This query is concerned around dual-boot (multi boot) system, where I want to create dual-boot system, created separately on two different logical partitions, that are part of the same primary partition (I mean, a primary partition with two logical drives).
 Kindly, suggest me my first query with priority, as what is the correct procedure of creating partitions in Windows XP, as per primary, secondary and logical partitions.

thanking you

Greetings Sumazu,

I am happy to help when I can. I am glad to hear that my knowledge has helped you. As for resizing partitions, yes you can resize or merge partitions,but usually the second partition must be unused or blank. What I mean is, if you want to extend a partition (make it larger), the area to extend it to must unused or unallocated. If there is no unallocated area that is contiguous (yes you are correct it must be so), then you can still shrink the volumes.
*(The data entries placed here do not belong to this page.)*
locale matched_f1_spanner =
  fixes S :: "'a set" and d :: "'a \<Rightarrow> 'a \<Rightarrow> real"
    and E' F :: "'a set set" and c :: "'a set \<Rightarrow> 'a"
  assumes metric: "metric_on S d"
    and choice: "valid_choice S d E' c"
    and matching: "is_matching F"
begin

abbreviation G :: "'a set set" where
  "G \<equiv> construct_f1 E' c - F"

definition walk_within :: "'a \<Rightarrow> 'a \<Rightarrow> real \<Rightarrow> bool" where
  "walk_within a b L \<longleftrightarrow> (\<exists>W. walk_between S G a b W \<and> walk_len d W \<le> L)"

lemma d_nonneg: "x \<in> S \<Longrightarrow> y \<in> S \<Longrightarrow> 0 \<le> d x y"
  and d_commute: "x \<in> S \<Longrightarrow> y \<in> S \<Longrightarrow> d x y = d y x"
  and d_triangle: "x \<in> S \<Longrightarrow> y \<in> S \<Longrightarrow> z \<in> S \<Longrightarrow> d x z \<le> d x y + d y z"
  using metric unfolding metric_on_def by blast+

lemma matching_unique: "e \<in> F \<Longrightarrow> e' \<in> F \<Longrightarrow> x \<in> e \<Longrightarrow> x \<in> e' \<Longrightarrow> e = e'"
  using matching unfolding is_matching_def by blast

lemma matching_adjacent_free:
  assumes "{a, b} \<in> F" "x \<noteq> a" "x \<noteq> b"
  shows "{b, x} \<notin> F"
proof
  assume "{b, x} \<in> F"
  then have "{b, x} = {a, b}"
    using assms(1) matching_unique[of "{b, x}" "{a, b}" b] by blast
  then show False
    using assms(2,3) by (simp add: doubleton_eq_iff)
qed

lemma walk_within_mono: "walk_within a b L \<Longrightarrow> L \<le> L' \<Longrightarrow> walk_within a b L'"
  unfolding walk_within_def by force

lemma walk_within_trans:
  assumes "walk_within a b L" "walk_within b z L'"
  shows "walk_within a z (L + L')"
proof -
  obtain W W' where W: "walk_between S G a b W" "walk_len d W \<le> L"
    and W': "walk_between S G b z W'" "walk_len d W' \<le> L'"
    using assms unfolding walk_within_def by blast
  have ne: "W \<noteq> []" "W' \<noteq> []"
    using W(1) W'(1) unfolding walk_between_def walk_def by auto
  have "last (W @ tl W') = last W'"
    using W(1) W'(1) ne(2) unfolding walk_between_def by (cases W') auto
  then have "walk_between S G a z (W @ tl W')"
    using W(1) W'(1) ne walk_append[of S G W W'] unfolding walk_between_def by auto
  moreover have "walk_len d (W @ tl W') \<le> L + L'"
    using W W' ne walk_len_append unfolding walk_between_def by fastforce
  ultimately show ?thesis
    unfolding walk_within_def by blast
qed

lemma walk_within_free_edge:
  "{a, b} \<in> E' \<Longrightarrow> {a, b} \<notin> F \<Longrightarrow> a \<in> S \<Longrightarrow> b \<in> S \<Longrightarrow> walk_within a b (d a b)"
  unfolding walk_within_def walk_between_def construct_f1_def
  by (intro exI[of _ "[a, b]"]) auto

lemma choice_detour:
  assumes "{a, b} \<in> E'"
  shows "c {a, b} \<in> S - {a, b}"
    and "x \<in> S - {a, b} \<Longrightarrow> d a (c {a, b}) + d (c {a, b}) b \<le> d a x + d x b"
  using choice assms unfolding valid_choice_def by blast+

lemma walk_within_matched_edge:
  assumes "{a, b} \<in> E'" "{a, b} \<in> F" "a \<in> S" "b \<in> S" "x \<in> S - {a, b}"
  shows "walk_within a b (d a x + d x b)"
proof -
  define m where "m = c {a, b}"
  have m: "m \<in> S - {a, b}" "d a m + d m b \<le> d a x + d x b"
    using choice_detour[OF assms(1)] assms(5) unfolding m_def by blast+
  have "{a, m} \<in> construct_f1 E' c" "{m, b} \<in> construct_f1 E' c"
    using assms(1) unfolding m_def construct_f1_def by blast+
  moreover have "{a, m} \<notin> F" "{m, b} \<notin> F"
    using matching_adjacent_free[of b a m] matching_adjacent_free[OF assms(2), of m] m(1) assms(2)
    by (auto simp: insert_commute)
  ultimately have "walk_between S G a b [a, m, b]"
    using assms m(1) unfolding walk_between_def by auto
  with m(2) show ?thesis
    unfolding walk_within_def by (intro exI[of _ "[a, m, b]"]) auto
qed

lemma walk_within_matched_free:
  assumes "{a, b} \<in> E'" "{a, b} \<in> F" "{b, x} \<in> E'" "{b, x} \<notin> F"
    and "a \<in> S" "b \<in> S" "x \<in> S" "x \<noteq> a" "x \<noteq> b"
  shows "walk_within a x (3 * (d a b + d b x))"
proof -
  have "walk_within a x ((d a x + d x b) + d b x)"
    using walk_within_trans[OF walk_within_matched_edge[OF assms(1,2,5,6), of x]
        walk_within_free_edge[OF assms(3,4,6,7)]] assms(7-9) by simp
  moreover have "d a x \<le> d a b + d b x" "d x b = d b x" "0 \<le> d a b" "0 \<le> d b x"
    using d_triangle d_commute d_nonneg assms by auto
  then have "(d a x + d x b) + d b x \<le> 3 * (d a b + d b x)"
    unfolding distrib_left by linarith
  ultimately show ?thesis
    by (rule walk_within_mono)
qed

lemma walk_within_free_matched:
  assumes "{a, b} \<in> E'" "{a, b} \<notin> F" "{b, x} \<in> E'" "{b, x} \<in> F"
    and "a \<in> S" "b \<in> S" "x \<in> S" "a \<noteq> b" "a \<noteq> x"
  shows "walk_within a x (3 * (d a b + d b x))"
proof -
  have "walk_within a x (d a b + (d b a + d a x))"
    using walk_within_trans[OF walk_within_free_edge[OF assms(1,2,5,6)]
        walk_within_matched_edge[OF assms(3,4,6,7), of a]] assms(5,8,9) by simp
  moreover have "d a x \<le> d a b + d b x" "d b a = d a b" "0 \<le> d a b" "0 \<le> d b x"
    using d_triangle d_commute d_nonneg assms by auto
  then have "d a b + (d b a + d a x) \<le> 3 * (d a b + d b x)"
    unfolding distrib_left by linarith
  ultimately show ?thesis
    by (rule walk_within_mono)
qed

text \<open>Detouring both matched edges through their own chosen points could cost up to five
  times the free edge between them; the point chosen for the free edge is used instead.\<close>
lemma walk_within_matched_free_matched:
  assumes "{w, x} \<in> E'" "{w, x} \<in> F" "{x, y} \<in> E'" "{x, y} \<notin> F"
    and "{y, z} \<in> E'" "{y, z} \<in> F"
    and "w \<in> S" "x \<in> S" "y \<in> S" "z \<in> S" "distinct [w, x, y, z]"
  shows "walk_within w z (3 * (d w x + d x y + d y z))"
proof -
  define u where "u = c {x, y}"
  have u: "u \<in> S - {x, y}" "\<And>v. v \<in> S - {x, y} \<Longrightarrow> d x u + d u y \<le> d x v + d v y"
    using choice_detour[OF assms(3)] unfolding u_def by blast+
  have u_edges: "{x, u} \<in> construct_f1 E' c" "{u, y} \<in> construct_f1 E' c"
    using assms(3) unfolding u_def construct_f1_def by blast+
  have tri: "d w y \<le> d w x + d x y" "d x z \<le> d x y + d y z"
    using d_triangle assms by auto
  have sym: "d y x = d x y" "d x w = d w x" "d z y = d y z"
    using d_commute assms by auto
  have pos: "0 \<le> d w x" "0 \<le> d x y" "0 \<le> d y z"
    using d_nonneg assms by auto
  note arith = tri sym pos
  consider (at_w) "u = w" | (at_z) "u = z" | (elsewhere) "u \<notin> {w, z}"
    by blast
  then show ?thesis
  proof cases
    case at_w
    have "{w, y} \<notin> F"
      using matching_adjacent_free[of x w y] assms by (auto simp: insert_commute)
    then have "walk_within w y (d w y)"
      using u_edges(2) at_w assms(7,9) unfolding walk_within_def walk_between_def
      by (intro exI[of _ "[w, y]"]) auto
    then have "walk_within w z (d w y + (d y x + d x z))"
      using walk_within_trans walk_within_matched_edge[OF assms(5,6,9,10), of x] assms(8,11) by simp
    moreover have "d w y + (d y x + d x z) \<le> 3 * (d w x + d x y + d y z)"
      unfolding distrib_left using arith by linarith
    ultimately show ?thesis
      by (rule walk_within_mono)
  next
    case at_z
    have "{x, z} \<notin> F"
      using matching_adjacent_free[of y z x] assms by (auto simp: insert_commute)
    then have "walk_within x z (d x z)"
      using u_edges(1) at_z assms(8,10) unfolding walk_within_def walk_between_def
      by (intro exI[of _ "[x, z]"]) auto
    then have "walk_within w z ((d w y + d y x) + d x z)"
      using walk_within_trans[OF walk_within_matched_edge[OF assms(1,2,7,8), of y]] assms(9,11)
      by auto
    moreover have "(d w y + d y x) + d x z \<le> 3 * (d w x + d x y + d y z)"
      unfolding distrib_left using arith by linarith
    ultimately show ?thesis
      by (rule walk_within_mono)
  next
    case elsewhere
    have W: "walk_within w z ((d w u + d u x) + d x y + (d y u + d u z))"
      using walk_within_trans[OF walk_within_trans[OF
            walk_within_matched_edge[OF assms(1,2,7,8), of u]
            walk_within_free_edge[OF assms(3,4,8,9)]]
          walk_within_matched_edge[OF assms(5,6,9,10), of u]] u(1) elsewhere by simp
    moreover have "d x u + d u y \<le> d x w + d w y" "d x u + d u y \<le> d x z + d z y"
      using u(2) assms by auto
    moreover have "d w u \<le> d w x + d x u" "d u z \<le> d u y + d y z" "d u x = d x u" "d y u = d u y"
      using d_triangle[of w x u] d_triangle[of u y z] d_commute[of u x] d_commute[of y u]
        assms(7-10) u(1) by auto
    ultimately have "(d w u + d u x) + d x y + (d y u + d u z) \<le> 3 * (d w x + d x y + d y z)"
      unfolding distrib_left using arith by linarith
    with W show ?thesis
      by (rule walk_within_mono)
  qed
qed
text \<open>Both inv \<sigma> (n+1) and y would be arcs jumping over b = \<sigma> (n+1) from below, so by
  the balance across b two arcs jump back over it from above; one of them is not n+1 and
  crosses the arc n+1 \<mapsto> b.\<close>
lemma moved_top_no_arc_over_image:
  assumes y: "y \<in> {1..n}" "y \<noteq> inv \<sigma> (n+1)"
  shows "\<not> (y \<le> \<sigma> (n+1) \<and> \<sigma> (n+1) < \<sigma> y)"
proof
  let ?a = "inv \<sigma> (n+1)" and ?b = "\<sigma> (n+1)"
  assume yb: "y \<le> ?b \<and> ?b < \<sigma> y"
  have sub: "{?a, y} \<subseteq> {z\<in>{1..n+1}. z \<le> ?b \<and> ?b < \<sigma> z}"
    using yb y(1) moved_top_preimage moved_top_preimage_le_image moved_top_image by auto
  have "card {?a, y} = 2" using y(2) by simp
  then have "2 \<le> card {z\<in>{1..n+1}. z \<le> ?b \<and> ?b < \<sigma> z}"
    using card_mono[OF _ sub] by simp
  then have two: "2 \<le> card {z\<in>{1..n+1}. \<sigma> z \<le> ?b \<and> ?b < z}"
    using card_permutes_gap[OF perm finite_atLeastAtMost] by simp
  have "\<exists>z\<in>{z\<in>{1..n+1}. \<sigma> z \<le> ?b \<and> ?b < z}. z \<noteq> n+1"
  proof (rule ccontr)
    assume "\<not> ?thesis"
    then have "{z\<in>{1..n+1}. \<sigma> z \<le> ?b \<and> ?b < z} \<subseteq> {n+1}" by auto
    then have "card {z\<in>{1..n+1}. \<sigma> z \<le> ?b \<and> ?b < z} \<le> 1"
      using card_mono[of "{n+1}"] by fastforce
    then show False using two by simp
  qed
  then obtain z where z: "z \<in> {1..n+1}" "\<sigma> z \<le> ?b" "?b < z" "z \<noteq> n+1" by auto
  have "\<sigma> z \<noteq> ?b" using z(4) permutes_inj[OF perm] by (metis injD)
  moreover have "z < n+1" using z(1,4) by auto
  ultimately show False using noncrossingD(2)[OF nc z(1) _ \<open>z < n+1\<close>] z(2,3) by auto
qed

lemma noncrossing_remove_top: "noncrossing n (remove_top n \<sigma>)"
  unfolding noncrossing_def
proof (intro ballI impI)
  fix x y assume x: "x \<in> {1..n}" and y: "y \<in> {1..n}" and xy: "x < y"
  let ?a = "inv \<sigma> (n+1)" and ?\<tau> = "remove_top n \<sigma>"
  have x': "x \<in> {1..n+1}" and y': "y \<in> {1..n+1}" using x y by auto
  show "\<not> (y \<le> ?\<tau> x \<and> ?\<tau> x < ?\<tau> y) \<and> \<not> (?\<tau> x < ?\<tau> y \<and> ?\<tau> y < x)"
  proof (cases "x = ?a")
    case True
    then have "y \<noteq> ?a" using xy by auto
    then show ?thesis
      using True y moved_top_no_arc_over_image[OF y] moved_top_preimage_le_image remove_top_simps by auto
  next
    case xa: False
    show ?thesis
    proof (cases "y = ?a")
      case True
      have "\<sigma> x < \<sigma> ?a" using moved_top_image_other[OF x' xa] moved_top_preimage(2) by auto
      then show ?thesis using True xa x xy noncrossingD(1)[OF nc x' _ xy] moved_top_preimage
          moved_top_preimage_le_image remove_top_simps by auto
    next
      case False
      then show ?thesis using noncrossingD[OF nc x' y' xy] xa x y remove_top_simps(2) by auto
    qed
  qed
qed

lemma moved_top_preimage_insertion_point: "inv \<sigma> (n+1) \<in> insertion_points n (remove_top n \<sigma>)"
  unfolding insertion_points_def
proof (intro CollectI conjI ballI)
  let ?a = "inv \<sigma> (n+1)" and ?\<tau> = "remove_top n \<sigma>"
  show "?a \<in> {1..n}" "?a \<le> ?\<tau> ?a"
    using moved_top_preimage(1) moved_top_preimage_le_image remove_top_simps(1) by auto
  fix i assume i: "i \<in> {1..n}"
  show "\<not> (i < ?a \<and> ?a \<le> ?\<tau> i)"
  proof
    assume ia: "i < ?a \<and> ?a \<le> ?\<tau> i"
    then have "\<sigma> i < \<sigma> ?a" using moved_top_image_other[of i] i moved_top_preimage(2) by auto
    then show False using noncrossingD(1)[OF nc _ _, of i ?a] ia i moved_top_preimage(1) remove_top_simps(2)
      by auto
  qed
next
  let ?a = "inv \<sigma> (n+1)" and ?\<tau> = "remove_top n \<sigma>"
  fix j assume j: "j \<in> {1..n}"
  show "\<not> (?\<tau> j < ?\<tau> ?a \<and> ?\<tau> ?a < j)"
    using noncrossingD(2)[OF nc _ _, of j "n+1"] j remove_top_simps by (cases "j = ?a") auto
qed

lemma insert_top_remove_top: "insert_top n (remove_top n \<sigma>) (inv \<sigma> (n+1)) = \<sigma>"
  using moved_top_preimage remove_top_simps by (auto simp: insert_top_def fun_eq_iff)

end

section \<open>Counting non-crossing permutations\<close>

definition noncrossing_perms :: "nat \<Rightarrow> nat \<Rightarrow> nat \<Rightarrow> (nat \<Rightarrow> nat) set" where
  "noncrossing_perms n k s = {\<pi>. \<pi> permutes {1..n} \<and> noncrossing n \<pi> \<and> wex n \<pi> = k
      \<and> card (insertion_points n \<pi>) = s}"

lemma finite_noncrossing_perms: "finite (noncrossing_perms n k s)"
  by (rule finite_subset[of _ "{\<pi>. \<pi> permutes {1..n}}"])
    (auto simp: noncrossing_perms_def finite_permutations)

lemma card_noncrossing_perms_0: "card (noncrossing_perms 0 k s) = (if k = 0 \<and> s = 0 then 1 else 0)"
proof -
  have "noncrossing_perms 0 k s = (if k = 0 \<and> s = 0 then {id} else {})"
    unfolding noncrossing_perms_def wex_def insertion_points_def noncrossing_def by auto
  then show ?thesis by simp
qed

lemma card_rank_eq:
  fixes B :: "nat set"
  assumes fin: "finite B"
  shows "card {a\<in>B. card {b\<in>B. b \<le> a} = s} = (if 1 \<le> s \<and> s \<le> card B then 1 else 0)"
proof -
  define rank where "rank a = card {b\<in>B. b \<le> a}" for a
  have rank_less: "rank a < rank b" if "a \<in> B" "b \<in> B" "a < b" for a b
  proof -
    have "{c\<in>B. c \<le> a} \<subseteq> {c\<in>B. c \<le> b}" "b \<in> {c\<in>B. c \<le> b} - {c\<in>B. c \<le> a}"
      using that by auto
    then have "{c\<in>B. c \<le> a} \<subset> {c\<in>B. c \<le> b}" by blast
    then show ?thesis unfolding rank_def using fin by (intro psubset_card_mono) auto
  qed
  have inj: "inj_on rank B"
    by (rule inj_onI) (metis rank_less less_irrefl linorder_cases)
  have "rank ` B \<subseteq> {1..card B}"
  proof
    fix y assume "y \<in> rank ` B"
    then obtain a where a: "a \<in> B" "y = rank a" by auto
    then have "a \<in> {b\<in>B. b \<le> a}" by simp
    then have "1 \<le> rank a" unfolding rank_def using fin by (simp add: Suc_le_eq card_gt_0_iff) blast
    moreover have "rank a \<le> card B" unfolding rank_def using fin by (intro card_mono) auto
    ultimately show "y \<in> {1..card B}" using a by auto
  qed
  then have image: "rank ` B = {1..card B}"
    using card_image[OF inj] by (intro card_subset_eq) auto
  have "card {a\<in>B. rank a = s} = card (rank ` {a\<in>B. rank a = s})"
    using inj by (intro card_image[symmetric]) (auto intro: inj_on_subset)
  also have "rank ` {a\<in>B. rank a = s} = {s} \<inter> rank ` B" by auto
  also have "\<dots> = {s} \<inter> {1..card B}" using image by simp
  finally show ?thesis unfolding rank_def by auto
qed

lemma permutes_Suc_fixing_top_iff:
  fixes \<sigma> :: "nat \<Rightarrow> nat"
  shows "\<sigma> permutes {1..n+1} \<and> \<sigma> (n+1) = n+1 \<longleftrightarrow> \<sigma> permutes {1..n}"
proof
  assume fixing: "\<sigma> permutes {1..n+1} \<and> \<sigma> (n+1) = n+1"
  have "\<sigma> x = x" if "x \<in> {1..n+1} - {1..n}" for x
  proof -
    have "x = n+1" using that by auto
    then show ?thesis using fixing by simp
  qed
  with fixing show "\<sigma> permutes {1..n}" by (blast intro: permutes_superset)
next
  assume "\<sigma> permutes {1..n}"
  then show "\<sigma> permutes {1..n+1} \<and> \<sigma> (n+1) = n+1"
    using permutes_not_in[of \<sigma> "{1..n}" "n+1"] by (auto intro: permutes_subset)
qed

context
  fixes n :: nat and \<sigma> :: "nat \<Rightarrow> nat"
  assumes perm: "\<sigma> permutes {1..n}"
begin

lemma fixed_top: "\<sigma> (n+1) = n+1"
  using permutes_not_in[OF perm] by simp

lemma noncrossing_Suc_iff: "noncrossing (n+1) \<sigma> \<longleftrightarrow> noncrossing n \<sigma>"
proof
  assume "noncrossing (n+1) \<sigma>"
  then show "noncrossing n \<sigma>" unfolding noncrossing_def by auto
next
  assume nc: "noncrossing n \<sigma>"
  show "noncrossing (n+1) \<sigma>" unfolding noncrossing_def
  proof (intro ballI impI)
    fix x y assume x: "x \<in> {1..n+1}" and y: "y \<in> {1..n+1}" and xy: "x < y"
    show "\<not> (y \<le> \<sigma> x \<and> \<sigma> x < \<sigma> y) \<and> \<not> (\<sigma> x < \<sigma> y \<and> \<sigma> y < x)"
    proof (cases "y = n+1")
      case True
      then have "\<sigma> x \<in> {1..n}" using x xy permutes_in_image[OF perm, of x] by auto
      then show ?thesis using True fixed_top xy by auto
    next
      case False
      then show ?thesis using noncrossingD[OF nc _ _ xy] x y xy by auto
    qed
  qed
qed

lemma wex_Suc: "wex (n+1) \<sigma> = wex n \<sigma> + 1"
proof -
  have "{i \<in> {1..n+1}. \<sigma> i \<ge> i} = insert (n+1) {i \<in> {1..n}. \<sigma> i \<ge> i}"
    using fixed_top by auto
  then show ?thesis unfolding wex_def by simp
qed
Shrinking a volume/partition is possible as long as there is unused space in the partition. For example, if you have two partitions that take up an entire hard drive, and you want to increase the space of the first partition, there is no room at the moment, so room must be made by shrinking the second partition (if it has free space), then you will have a section of the drive that is unallocated. Then, you can use that unused space to extend the first partition making it larger. WindowsXP does not do some of these complicated types of manipulation of partitions and requires use of a third party program such as PartitionWizard (you don’t have to use this, it is just one suggestion). Here is a page that explains how to extend a partition (make it larger) with diagrams and how it would look using this program (the Home Version is free). It should help how to picture partitions on a drive as well (I like to say they are like boxes within boxes or drawers that hold things):

If you are creating partitions on a hard disk that is empty for using with WindowsXP, the easiest way to create partitions is to use the built-in partition manager that the WindowsXP installation disc boots up into (white text on a blue background). It will show you the detected drives and ask you which partition to install WindowsXP onto. You can create partitions by simply following the onscreen instructions. For example, when it asks how large you want the first partition to be (a Primary partition), it will  show 500000MB for a 500GB drive. Simply change the amount of space you wish to allocate for the partition to 250000MB for example, if you want to create a partition that is about half of the entire hard drive. Then you can use the partition manager to continue to create the second partition, or more if you wish.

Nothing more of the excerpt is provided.